#### Working data ####

text \<open>Fresh samples are independent of a function \<open>G\<close> of the earlier ones, so a bound on
  their expectation that holds for every fixed argument \<open>w\<close> survives substituting \<open>w := G\<close>.\<close>
lemma (in prob_space) nn_integral_indep_substitute_le:
  fixes Z :: "'i \<Rightarrow> 'a \<Rightarrow> 'z" and G :: "('i \<Rightarrow> 'z) \<Rightarrow> 'w::topological_space"
    and h :: "'w \<Rightarrow> ('i \<Rightarrow> 'z) \<Rightarrow> ennreal" and \<beta> :: "'w \<Rightarrow> ennreal"
  assumes indep: "indep_vars (\<lambda>_. P) Z I"
    and JB: "J \<subseteq> I" "B \<subseteq> I" "J \<inter> B = {}"
    and G: "G \<in> borel_measurable (PiM J (\<lambda>_. P))"
    and h: "(\<lambda>p. h (fst p) (snd p)) \<in> borel_measurable (borel \<Otimes>\<^sub>M PiM B (\<lambda>_. P))"
    and bound: "\<And>w. (\<integral>\<^sup>+\<omega>. h w (restrict (\<lambda>j. Z j \<omega>) B) \<partial>M) \<le> \<beta> w"
    and \<beta>: "\<beta> \<in> borel_measurable borel"
  shows "(\<integral>\<^sup>+\<omega>. h (G (restrict (\<lambda>j. Z j \<omega>) J)) (restrict (\<lambda>j. Z j \<omega>) B) \<partial>M)
         \<le> (\<integral>\<^sup>+\<omega>. \<beta> (G (restrict (\<lambda>j. Z j \<omega>) J)) \<partial>M)"
proof -
  let ?U = "\<lambda>\<omega>. restrict (\<lambda>j. Z j \<omega>) J"
  have UV: "indep_var (PiM J (\<lambda>_. P)) ?U (PiM B (\<lambda>_. P)) (\<lambda>\<omega>. restrict (\<lambda>j. Z j \<omega>) B)"
    by (rule indep_var_restrict[OF indep JB(3,1,2)])
  then have U: "?U \<in> measurable M (PiM J (\<lambda>_. P))"
    using indep_var_distribution_eq by blast
  have "(\<lambda>p. (G (fst p), snd p)) \<in> measurable (PiM J (\<lambda>_. P) \<Otimes>\<^sub>M PiM B (\<lambda>_. P)) (borel \<Otimes>\<^sub>M PiM B (\<lambda>_. P))"
    by (intro measurable_Pair measurable_compose[OF measurable_fst G] measurable_snd)
  from measurable_compose[OF this h]
  have "(\<integral>\<^sup>+\<omega>. h (G (?U \<omega>)) (restrict (\<lambda>j. Z j \<omega>) B) \<partial>M)
      = (\<integral>\<^sup>+u. (\<integral>\<^sup>+\<omega>. h (G u) (restrict (\<lambda>j. Z j \<omega>) B) \<partial>M) \<partial>distr M (PiM J (\<lambda>_. P)) ?U)"
    by (intro nn_integral_indep_var[OF UV]) (simp add: comp_def)
  also have "\<dots> \<le> (\<integral>\<^sup>+u. \<beta> (G u) \<partial>distr M (PiM J (\<lambda>_. P)) ?U)"
    by (intro nn_integral_mono bound)
  also have "\<dots> = (\<integral>\<^sup>+\<omega>. \<beta> (G (?U \<omega>)) \<partial>M)"
    using measurable_compose[OF G \<beta>] by (simp add: nn_integral_distr[OF U] comp_def)
  finally show ?thesis .
qed

lemma (in prob_space) nn_integral_norm_sample_mean_le:
  fixes Z :: "'i \<Rightarrow> 'a \<Rightarrow> 'z" and \<phi> :: "'z \<Rightarrow> real^'n" and a :: "nat \<Rightarrow> 'i"
  assumes indep: "indep_vars (\<lambda>_. P) Z I"
    and Z: "\<And>j. j \<in> I \<Longrightarrow> Z j \<in> measurable M P" "\<And>j. j \<in> I \<Longrightarrow> distr M P (Z j) = P"
    and a: "inj_on a {..<n}" "a ` {..<n} \<subseteq> I" and "0 < n"
    and \<phi>: "\<phi> \<in> borel_measurable P" "integrable P \<phi>" "integrable P (\<lambda>z. (norm (\<phi> z))\<^sup>2)"
    and mean: "(\<integral>z. \<phi> z \<partial>P) = 0" and var: "(\<integral>z. (norm (\<phi> z))\<^sup>2 \<partial>P) \<le> V"
  shows "(\<integral>\<^sup>+\<omega>. ennreal (norm ((1 / real n) *\<^sub>R (\<Sum>i<n. \<phi> (Z (a i) \<omega>)))) \<partial>M)
    \<le> ennreal (sqrt (V / real n))"
proof -
  have aI: "a i \<in> I" if "i < n" for i using a(2) that by auto
  have \<phi>_comp: "(\<lambda>z. \<phi> z $ c) \<in> borel_measurable P" for c
    using \<phi>(1) borel_measurable_vec_iff by blast
  have indep_comp: "indep_var borel (\<lambda>\<omega>. \<phi> (Z (a i) \<omega>) $ c) borel (\<lambda>\<omega>. \<phi> (Z (a j) \<omega>) $ c)"
    if "i < n" "j < n" "i \<noteq> j" for i j c
  proof -
    have "a i \<noteq> a j" using a(1) that by (auto simp: inj_on_def)
    then have "indep_var (PiM {a i} (\<lambda>_. P)) (\<lambda>\<omega>. restrict (\<lambda>k. Z k \<omega>) {a i})
                         (PiM {a j} (\<lambda>_. P)) (\<lambda>\<omega>. restrict (\<lambda>k. Z k \<omega>) {a j})"
      using aI that by (intro indep_var_restrict[OF indep]) auto
    from indep_var_compose[OF this
        measurable_compose[OF measurable_component_singleton[of "a i" "{a i}" "\<lambda>_. P"] \<phi>_comp]
        measurable_compose[OF measurable_component_singleton[of "a j" "{a j}" "\<lambda>_. P"] \<phi>_comp]]
    show ?thesis by (simp add: comp_def)
  qed
  have sample: "integrable M (\<lambda>\<omega>. f (Z (a i) \<omega>)) \<and> (\<integral>\<omega>. f (Z (a i) \<omega>) \<partial>M) = (\<integral>z. f z \<partial>P)"
    if "i < n" "f \<in> borel_measurable P" "integrable P f"
    for i and f :: "'z \<Rightarrow> 'b::{banach,second_countable_topology}"
    using integrable_distr_eq[OF Z(1)[OF aI[OF that(1)]] that(2)]
      integral_distr[OF Z(1)[OF aI[OF that(1)]] that(2)] Z(2)[OF aI[OF that(1)]] that(3)
    by simp
  have "(\<lambda>z. (norm (\<phi> z))\<^sup>2) \<in> borel_measurable P" using \<phi>(1) by measurable
  note sample_norm_sq = sample[OF _ this \<phi>(3)]
  have "(\<integral>\<^sup>+\<omega>. ennreal (norm ((1 / real (card {..<n})) *\<^sub>R (\<Sum>i\<in>{..<n}. \<phi> (Z (a i) \<omega>)))) \<partial>M)
        \<le> ennreal (sqrt (V / real (card {..<n})))"
    using indep_comp sample[OF _ \<phi>(1,2)] sample_norm_sq mean var \<open>0 < n\<close>
      measurable_compose[OF Z(1)[OF aI] \<phi>(1)]
    by (intro nn_integral_norm_mean_indep_le) (auto simp: comp_def)
  then show ?thesis by simp
qed

lemma integral_le_of_nn_integral_le:
  fixes f :: "'a \<Rightarrow> real"
  assumes "f \<in> borel_measurable M" "\<And>x. 0 \<le> f x" "(\<integral>\<^sup>+x. ennreal (f x) \<partial>M) \<le> ennreal c" "0 \<le> c"
  shows "integrable M f" "integral\<^sup>L M f \<le> c"
proof -
  show int: "integrable M f"
    using assms by (intro integrableI_nonneg) (auto simp: top_unique intro: le_less_trans)
  have "ennreal (integral\<^sup>L M f) \<le> ennreal c"
    using nn_integral_eq_integral[OF int] assms by simp
  then show "integral\<^sup>L M f \<le> c" using \<open>0 \<le> c\<close> by simp
qed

####

▸ **What is needed**:
Copy the listing exactly.

▸ **Your response**:
text \<open>Fresh samples are independent of a function \<open>G\<close> of the earlier ones, so a bound on
  their expectation that holds for every fixed argument \<open>w\<close> survives substituting \<open>w := G\<close>.\<close>
lemma (in prob_space) nn_integral_indep_substitute_le:
  fixes Z :: "'i \<Rightarrow> 'a \<Rightarrow> 'z" and G :: "('i \<Rightarrow> 'z) \<Rightarrow> 'w::topological_space"
    and h :: "'w \<Rightarrow> ('i \<Rightarrow> 'z) \<Rightarrow> ennreal" and \<beta> :: "'w \<Rightarrow> ennreal"
  assumes indep: "indep_vars (\<lambda>_. P) Z I"
    and JB: "J \<subseteq> I" "B \<subseteq> I" "J \<inter> B = {}"
    and G: "G \<in> borel_measurable (PiM J (\<lambda>_. P))"
    and h: "(\<lambda>p. h (fst p) (snd p)) \<in> borel_measurable (borel \<Otimes>\<^sub>M PiM B (\<lambda>_. P))"
    and bound: "\<And>w. (\<integral>\<^sup>+\<omega>. h w (restrict (\<lambda>j. Z j \<omega>) B) \<partial>M) \<le> \<beta> w"
    and \<beta>: "\<beta> \<in> borel_measurable borel"
  shows "(\<integral>\<^sup>+\<omega>. h (G (restrict (\<lambda>j. Z j \<omega>) J)) (restrict (\<lambda>j. Z j \<omega>) B) \<partial>M)
         \<le> (\<integral>\<^sup>+\<omega>. \<beta> (G (restrict (\<lambda>j. Z j \<omega>) J)) \<partial>M)"
proof -
  let ?U = "\<lambda>\<omega>. restrict (\<lambda>j. Z j \<omega>) J"
  have UV: "indep_var (PiM J (\<lambda>_. P)) ?U (PiM B (\<lambda>_. P)) (\<lambda>\<omega>. restrict (\<lambda>j. Z j \<omega>) B)"
    by (rule indep_var_restrict[OF indep JB(3,1,2)])
  then have U: "?U \<in> measurable M (PiM J (\<lambda>_. P))"
    using indep_var_distribution_eq by blast
  have "(\<lambda>p. (G (fst p), snd p)) \<in> measurable (PiM J (\<lambda>_. P) \<Otimes>\<^sub>M PiM B (\<lambda>_. P)) (borel \<Otimes>\<^sub>M PiM B (\<lambda>_. P))"
    by (intro measurable_Pair measurable_compose[OF measurable_fst G] measurable_snd)
  from measurable_compose[OF this h]
  have "(\<integral>\<^sup>+\<omega>. h (G (?U \<omega>)) (restrict (\<lambda>j. Z j \<omega>) B) \<partial>M)
      = (\<integral>\<^sup>+u. (\<integral>\<^sup>+\<omega>. h (G u) (restrict (\<lambda>j. Z j \<omega>) B) \<partial>M) \<partial>distr M (PiM J (\<lambda>_. P)) ?U)"
    by (intro nn_integral_indep_var[OF UV]) (simp add: comp_def)
  also have "\<dots> \<le> (\<integral>\<^sup>+u. \<beta> (G u) \<partial>distr M (PiM J (\<lambda>_. P)) ?U)"
    by (intro nn_integral_mono bound)
  also have "\<dots> = (\<integral>\<^sup>+\<omega>. \<beta> (G (?U \<omega>)) \<partial>M)"
    using measurable_compose[OF G \<beta>] by (simp add: nn_integral_distr[OF U] comp_def)
  finally show ?thesis .
qed

lemma (in prob_space) nn_integral_norm_sample_mean_le:
  fixes Z :: "'i \<Rightarrow> 'a \<Rightarrow> 'z" and \<phi> :: "'z \<Rightarrow> real^'n" and a :: "nat \<Rightarrow> 'i"
  assumes indep: "indep_vars (\<lambda>_. P) Z I"
    and Z: "\<And>j. j \<in> I \<Longrightarrow> Z j \<in> measurable M P" "\<And>j. j \<in> I \<Longrightarrow> distr M P (Z j) = P"
    and a: "inj_on a {..<n}" "a ` {..<n} \<subseteq> I" and "0 < n"
    and \<phi>: "\<phi> \<in> borel_measurable P" "integrable P \<phi>" "integrable P (\<lambda>z. (norm (\<phi> z))\<^sup>2)"
    and mean: "(\<integral>z. \<phi> z \<partial>P) = 0" and var: "(\<integral>z. (norm (\<phi> z))\<^sup>2 \<partial>P) \<le> V"
  shows "(\<integral>\<^sup>+\<omega>. ennreal (norm ((1 / real n) *\<^sub>R (\<Sum>i<n. \<phi> (Z (a i) \<omega>)))) \<partial>M)
    \<le> ennreal (sqrt (V / real n))"
proof -
  have aI: "a i \<in> I" if "i < n" for i using a(2) that by auto
  have \<phi>_comp: "(\<lambda>z. \<phi> z $ c) \<in> borel_measurable P" for c
    using \<phi>(1) borel_measurable_vec_iff by blast
  have indep_comp: "indep_var borel (\<lambda>\<omega>. \<phi> (Z (a i) \<omega>) $ c) borel (\<lambda>\<omega>. \<phi> (Z (a j) \<omega>) $ c)"
    if "i < n" "j < n" "i \<noteq> j" for i j c
  proof -
    have "a i \<noteq> a j" using a(1) that by (auto simp: inj_on_def)
    then have "indep_var (PiM {a i} (\<lambda>_. P)) (\<lambda>\<omega>. restrict (\<lambda>k. Z k \<omega>) {a i})
                         (PiM {a j} (\<lambda>_. P)) (\<lambda>\<omega>. restrict (\<lambda>k. Z k \<omega>) {a j})"
      using aI that by (intro indep_var_restrict[OF indep]) auto
    from indep_var_compose[OF this
        measurable_compose[OF measurable_component_singleton[of "a i" "{a i}" "\<lambda>_. P"] \<phi>_comp]
        measurable_compose[OF measurable_component_singleton[of "a j" "{a j}" "\<lambda>_. P"] \<phi>_comp]]
    show ?thesis by (simp add: comp_def)
  qed
  have sample: "integrable M (\<lambda>\<omega>. f (Z (a i) \<omega>)) \<and> (\<integral>\<omega>. f (Z (a i) \<omega>) \<partial>M) = (\<integral>z. f z \<partial>P)"
    if "i < n" "f \<in> borel_measurable P" "integrable P f"
    for i and f :: "'z \<Rightarrow> 'b::{banach,second_countable_topology}"
    using integrable_distr_eq[OF Z(1)[OF aI[OF that(1)]] that(2)]
      integral_distr[OF Z(1)[OF aI[OF that(1)]] that(2)] Z(2)[OF aI[OF that(1)]] that(3)
    by simp
  have "(\<lambda>z. (norm (\<phi> z))\<^sup>2) \<in> borel_measurable P" using \<phi>(1) by measurable
  note sample_norm_sq = sample[OF _ this \<phi>(3)]
  have "(\<integral>\<^sup>+\<omega>. ennreal (norm ((1 / real (card {..<n})) *\<^sub>R (\<Sum>i\<in>{..<n}. \<phi> (Z (a i) \<omega>)))) \<partial>M)
        \<le> ennreal (sqrt (V / real (card {..<n})))"
    using indep_comp sample[OF _ \<phi>(1,2)] sample_norm_sq mean var \<open>0 < n\<close>
      measurable_compose[OF Z(1)[OF aI] \<phi>(1)]
    by (intro nn_integral_norm_mean_indep_le) (auto simp: comp_def)
  then show ?thesis by simp
qed

lemma integral_le_of_nn_integral_le:
  fixes f :: "'a \<Rightarrow> real"
  assumes "f \<in> borel_measurable M" "\<And>x. 0 \<le> f x" "(\<integral>\<^sup>+x. ennreal (f x) \<partial>M) \<le> ennreal c" "0 \<le> c"
  shows "integrable M f" "integral\<^sup>L M f \<le> c"
proof -
  show int: "integrable M f"
    using assms by (intro integrableI_nonneg) (auto simp: top_unique intro: le_less_trans)
  have "ennreal (integral\<^sup>L M f) \<le> ennreal c"
    using nn_integral_eq_integral[OF int] assms by simp
  then show "integral\<^sup>L M f \<le> c" using \<open>0 \<le> c\<close> by simp
qed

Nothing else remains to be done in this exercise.